A native of Youngstown, Ohio, Amber R. Monroe has been recognized as “a crystalline lyric soprano and a superb singing actress” (Seen and Heard-International). Her 2023-2024 season will include making company debuts with Chattanooga Symphony and Opera singing Mimì in La bohème,  as well as Opera Birmingham singing Nedda in Pagliacci. Monroe then returns to The Glimmerglass Festival summer 2024 as a Guest Artist, reprising the role of Nedda. On the concert stage, she will be a soloist in Vivaldi’s Gloria and Margaret Bonds' The Ballad of the Brown King with the Arlington Chorale, and in Brahms' Ein deutsches Requiem with Lehigh University.

She is a recent alumna of the Cafritz Young Artists Program with Washington National Opera, where she made her Kennedy Center debut as Ines in Il trovatore, followed by Isabelle in Carlos Simon’s The Passion of Mary Cardwell Dawson, and Mimì in La bohème. In summer of 2023, she joined Santa Fe Opera as an Apprentice Artist, covering the Second Wood Sprite in Rusalka.

An enthusiast of contemporary opera, Ms. Monroe originated the role of Clarissa in the world-premiere of Gregory Spears‘ Castor and Patience (Cincinnati Opera) and performed the title role in the Midwest premiere of Nkeiru Okoye’s Harriet Tubman: When I Crossed that Line to Freedom (Cleveland Opera Theater).

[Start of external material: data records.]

lemma Qtau_add_eq_Q_sum:
  "Qtau \<tau> Tr tens flip (pdiff emb tens p m * u) (pdiff emb tens q m * v)
   + Qtau \<tau> Tr tens flip (pdiff emb tens p m * v) (pdiff emb tens q m * u)
   = Q_sum (\<lambda>k. cond_exp ((u * flip v + v * flip u) * tens 1 (m ^ k))) p q m"
  (is "_ = Q_sum ?y p q m")
proof -
  let ?W = "u * flip v + v * flip u"
  let ?c = "\<lambda>i. emb (coeff p i)" and ?d = "\<lambda>j. emb (coeff q j)"
  have pdiff_p: "pdiff emb tens p m = (\<Sum>i\<le>degree p. \<Sum>(e1, e2)\<in>split_pairs i. tens (?c i * m ^ e1) (m ^ e2))"
    by (simp add: pdiff_def split_pairs_def)
  have flip_pdiff_q: "flip (pdiff emb tens q m) = (\<Sum>j\<le>degree q. \<Sum>(f1, f2)\<in>split_pairs j. tens (?d j * m ^ f2) (m ^ f1))"
    by (simp add: pdiff_def split_pairs_def flip_sum flip_tens tens_emb_swap split_def)
  have cond_exp_term: "cond_exp (tens (emb c * x) b * ?W * tens (emb c' * z) b') =
      emb c * emb c' * (x * cond_exp (?W * tens 1 (b * b')) * z)" for c c' x z b b'
    unfolding cond_exp_tens_mult
    by (simp add: mult.assoc mult_emb_left_commute[of x]
        mult_emb_left_commute[of "cond_exp (?W * tens 1 (b * b'))"])
  have "Qtau \<tau> Tr tens flip (pdiff emb tens p m * u) (pdiff emb tens q m * v)
      + Qtau \<tau> Tr tens flip (pdiff emb tens p m * v) (pdiff emb tens q m * u)
      = cond_exp (pdiff emb tens p m * ?W * flip (pdiff emb tens q m))"
    by (simp add: Qtau_eq_cond_exp cond_exp_add[symmetric] flip_mult distrib_left distrib_right mult.assoc)
  also have "\<dots> = (\<Sum>i\<le>degree p. \<Sum>(e1, e2)\<in>split_pairs i. \<Sum>j\<le>degree q. \<Sum>(f1, f2)\<in>split_pairs j.
      cond_exp (tens (?c i * m ^ e1) (m ^ e2) * ?W * tens (?d j * m ^ f2) (m ^ f1)))"
    unfolding pdiff_p sum_distrib_right
    unfolding flip_pdiff_q sum_distrib_left
    by (simp add: cond_exp_sum split_def)
  also have "\<dots> = (\<Sum>i\<le>degree p. \<Sum>(e1, e2)\<in>split_pairs i. \<Sum>j\<le>degree q. \<Sum>(f1, f2)\<in>split_pairs j.
      ?c i * ?d j * (m ^ e1 * ?y (e2 + f1) * m ^ f2))"
    by (simp add: cond_exp_term power_add)
  also have "\<dots> = Q_sum ?y p q m"
    unfolding Q_sum_def split_def sum_distrib_left
    by (rule sum.cong[OF refl], rule sum.swap)
  finally show ?thesis .
qed

end

theorem lemma3p4p3:
  fixes emb :: "complex \<Rightarrow> 'a::ring_1" and st :: "'a \<Rightarrow> 'a" and \<tau> :: "'a \<Rightarrow> complex"
    and tens :: "'a \<Rightarrow> 'a \<Rightarrow> 'b::ring_1" and flip :: "'b \<Rightarrow> 'b" and Tr :: "'b \<Rightarrow> complex"
    and p q :: "complex poly" and m :: 'a and u v :: 'b
  assumes "tracial_tensor_setting emb st \<tau> tens flip Tr"
  shows "Delta \<tau> Tr tens flip u v (p * q) m =
           Delta \<tau> Tr tens flip u v p m * peval emb q m
         + peval emb p m * Delta \<tau> Tr tens flip u v q m
         + Qtau \<tau> Tr tens flip (pdiff emb tens p m * u) (pdiff emb tens q m * v)
         + Qtau \<tau> Tr tens flip (pdiff emb tens p m * v) (pdiff emb tens q m * u)"
proof -
  interpret tracial_tensor emb st \<tau> tens flip Tr
    using assms by (rule tracial_tensor_setting_imp_tracial_tensor)
  define y where "y k = cond_exp ((u * flip v + v * flip u) * tens 1 (m ^ k))" for k
  show ?thesis
    using Delta_sum_mult[of y p q m] Qtau_add_eq_Q_sum[of p m u q v]
    by (simp add: Delta_eq_Delta_sum y_def[abs_def] add.assoc)
qed

end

She has also workshopped Blue by Jeanine Tesori (The Glimmerglass Festival), and The Hours by Kevin Puts, commissioned by the Metropolitan Opera


A former artist at the Merola Opera Program, Ms. Monroe performed as Magda from La rondine in the Schwabacher Summer Concert, and Madame Lidoine from Dialogues des Carmélites in the Merola Grand Finale. As a young artist with the The Glimmerglass Festival, she performed as the Rooster/Jay in The Cunning Little Vixen, and covered the role of Anna Sørenson in Kevin Puts’ Silent Night. Additional performance credits include; Donna Elvira in Don Giovanni (Opera Columbus), Nedda in Pagliacci (El Paso Opera), Countess Almaviva in Le nozze di Figaro (Kentucky Opera), and Clara in Porgy and Bess (Opera Western Reserve).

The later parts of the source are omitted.